___ Records for the task ___

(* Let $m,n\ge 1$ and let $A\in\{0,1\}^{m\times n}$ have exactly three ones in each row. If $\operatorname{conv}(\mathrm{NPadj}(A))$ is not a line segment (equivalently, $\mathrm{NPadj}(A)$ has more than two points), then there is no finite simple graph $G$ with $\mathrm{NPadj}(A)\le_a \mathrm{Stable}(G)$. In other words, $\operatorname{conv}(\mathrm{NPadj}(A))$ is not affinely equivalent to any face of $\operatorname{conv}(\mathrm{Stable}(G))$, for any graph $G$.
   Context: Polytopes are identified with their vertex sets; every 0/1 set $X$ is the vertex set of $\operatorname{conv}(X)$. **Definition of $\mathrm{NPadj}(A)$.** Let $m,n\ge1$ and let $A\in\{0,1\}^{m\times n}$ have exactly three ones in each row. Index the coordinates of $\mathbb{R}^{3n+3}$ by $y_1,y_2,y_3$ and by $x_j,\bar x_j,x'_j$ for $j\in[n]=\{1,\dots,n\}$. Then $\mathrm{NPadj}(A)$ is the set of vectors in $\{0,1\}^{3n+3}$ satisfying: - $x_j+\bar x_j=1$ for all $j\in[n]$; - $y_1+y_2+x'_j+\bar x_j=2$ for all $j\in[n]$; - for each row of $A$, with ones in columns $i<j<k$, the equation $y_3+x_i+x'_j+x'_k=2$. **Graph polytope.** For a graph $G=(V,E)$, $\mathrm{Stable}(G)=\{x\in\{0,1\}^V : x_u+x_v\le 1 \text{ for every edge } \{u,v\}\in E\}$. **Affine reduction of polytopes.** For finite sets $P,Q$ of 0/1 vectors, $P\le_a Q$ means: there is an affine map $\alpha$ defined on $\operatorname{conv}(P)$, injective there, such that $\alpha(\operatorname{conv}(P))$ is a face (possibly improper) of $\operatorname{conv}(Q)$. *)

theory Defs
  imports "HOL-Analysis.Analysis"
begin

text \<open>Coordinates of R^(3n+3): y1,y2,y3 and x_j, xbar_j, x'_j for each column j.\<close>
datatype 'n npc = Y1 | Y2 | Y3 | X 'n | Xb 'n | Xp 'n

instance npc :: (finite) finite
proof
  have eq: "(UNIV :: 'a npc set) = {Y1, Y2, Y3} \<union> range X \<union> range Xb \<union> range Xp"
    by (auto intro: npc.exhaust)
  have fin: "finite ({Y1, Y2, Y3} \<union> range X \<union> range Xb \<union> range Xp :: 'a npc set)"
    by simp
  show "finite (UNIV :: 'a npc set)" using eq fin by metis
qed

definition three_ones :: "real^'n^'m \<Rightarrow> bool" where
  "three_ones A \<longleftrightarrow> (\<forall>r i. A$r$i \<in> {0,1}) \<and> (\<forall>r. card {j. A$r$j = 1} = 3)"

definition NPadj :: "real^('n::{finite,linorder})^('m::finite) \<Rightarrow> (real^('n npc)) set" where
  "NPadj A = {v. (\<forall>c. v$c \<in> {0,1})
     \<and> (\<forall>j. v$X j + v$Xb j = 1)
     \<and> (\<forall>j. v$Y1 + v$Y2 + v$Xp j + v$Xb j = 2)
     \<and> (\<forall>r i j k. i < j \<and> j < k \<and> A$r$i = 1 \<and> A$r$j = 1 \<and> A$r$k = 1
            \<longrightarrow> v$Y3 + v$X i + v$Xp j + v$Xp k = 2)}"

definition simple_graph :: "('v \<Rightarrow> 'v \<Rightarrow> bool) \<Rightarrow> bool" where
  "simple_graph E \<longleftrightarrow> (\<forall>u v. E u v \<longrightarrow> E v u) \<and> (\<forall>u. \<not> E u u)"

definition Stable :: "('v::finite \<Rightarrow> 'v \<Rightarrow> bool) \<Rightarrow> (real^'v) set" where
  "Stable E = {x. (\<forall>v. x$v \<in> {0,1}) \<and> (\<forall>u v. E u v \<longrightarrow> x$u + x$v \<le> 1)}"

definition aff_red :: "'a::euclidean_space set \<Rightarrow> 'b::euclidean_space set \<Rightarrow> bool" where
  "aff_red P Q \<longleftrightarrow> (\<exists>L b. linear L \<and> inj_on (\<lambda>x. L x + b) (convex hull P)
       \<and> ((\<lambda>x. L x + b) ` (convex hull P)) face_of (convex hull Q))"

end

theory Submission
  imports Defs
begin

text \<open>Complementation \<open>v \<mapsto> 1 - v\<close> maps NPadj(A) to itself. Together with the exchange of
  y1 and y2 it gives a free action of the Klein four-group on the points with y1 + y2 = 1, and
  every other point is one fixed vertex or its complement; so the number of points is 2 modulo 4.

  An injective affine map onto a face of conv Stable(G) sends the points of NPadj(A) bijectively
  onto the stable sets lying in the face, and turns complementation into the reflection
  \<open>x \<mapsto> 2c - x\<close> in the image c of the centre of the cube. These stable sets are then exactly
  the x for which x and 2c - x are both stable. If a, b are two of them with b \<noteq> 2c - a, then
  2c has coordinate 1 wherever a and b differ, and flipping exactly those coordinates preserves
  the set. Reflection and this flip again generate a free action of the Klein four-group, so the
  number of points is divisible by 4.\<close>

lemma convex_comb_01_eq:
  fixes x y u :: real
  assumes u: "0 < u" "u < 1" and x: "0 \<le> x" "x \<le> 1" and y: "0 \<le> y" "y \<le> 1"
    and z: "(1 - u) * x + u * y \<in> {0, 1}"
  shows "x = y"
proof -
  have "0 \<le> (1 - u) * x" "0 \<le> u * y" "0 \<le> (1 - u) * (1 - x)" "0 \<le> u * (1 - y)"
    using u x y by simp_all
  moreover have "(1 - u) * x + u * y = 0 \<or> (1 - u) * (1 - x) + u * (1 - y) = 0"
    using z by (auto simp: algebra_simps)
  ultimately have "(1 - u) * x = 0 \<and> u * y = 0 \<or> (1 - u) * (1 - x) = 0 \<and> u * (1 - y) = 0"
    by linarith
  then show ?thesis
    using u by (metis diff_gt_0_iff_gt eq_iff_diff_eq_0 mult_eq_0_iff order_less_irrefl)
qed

___

A complete answer gives every line of the records holding "hull".

Written answer:
  "aff_red P Q \<longleftrightarrow> (\<exists>L b. linear L \<and> inj_on (\<lambda>x. L x + b) (convex hull P)
       \<and> ((\<lambda>x. L x + b) ` (convex hull P)) face_of (convex hull Q))"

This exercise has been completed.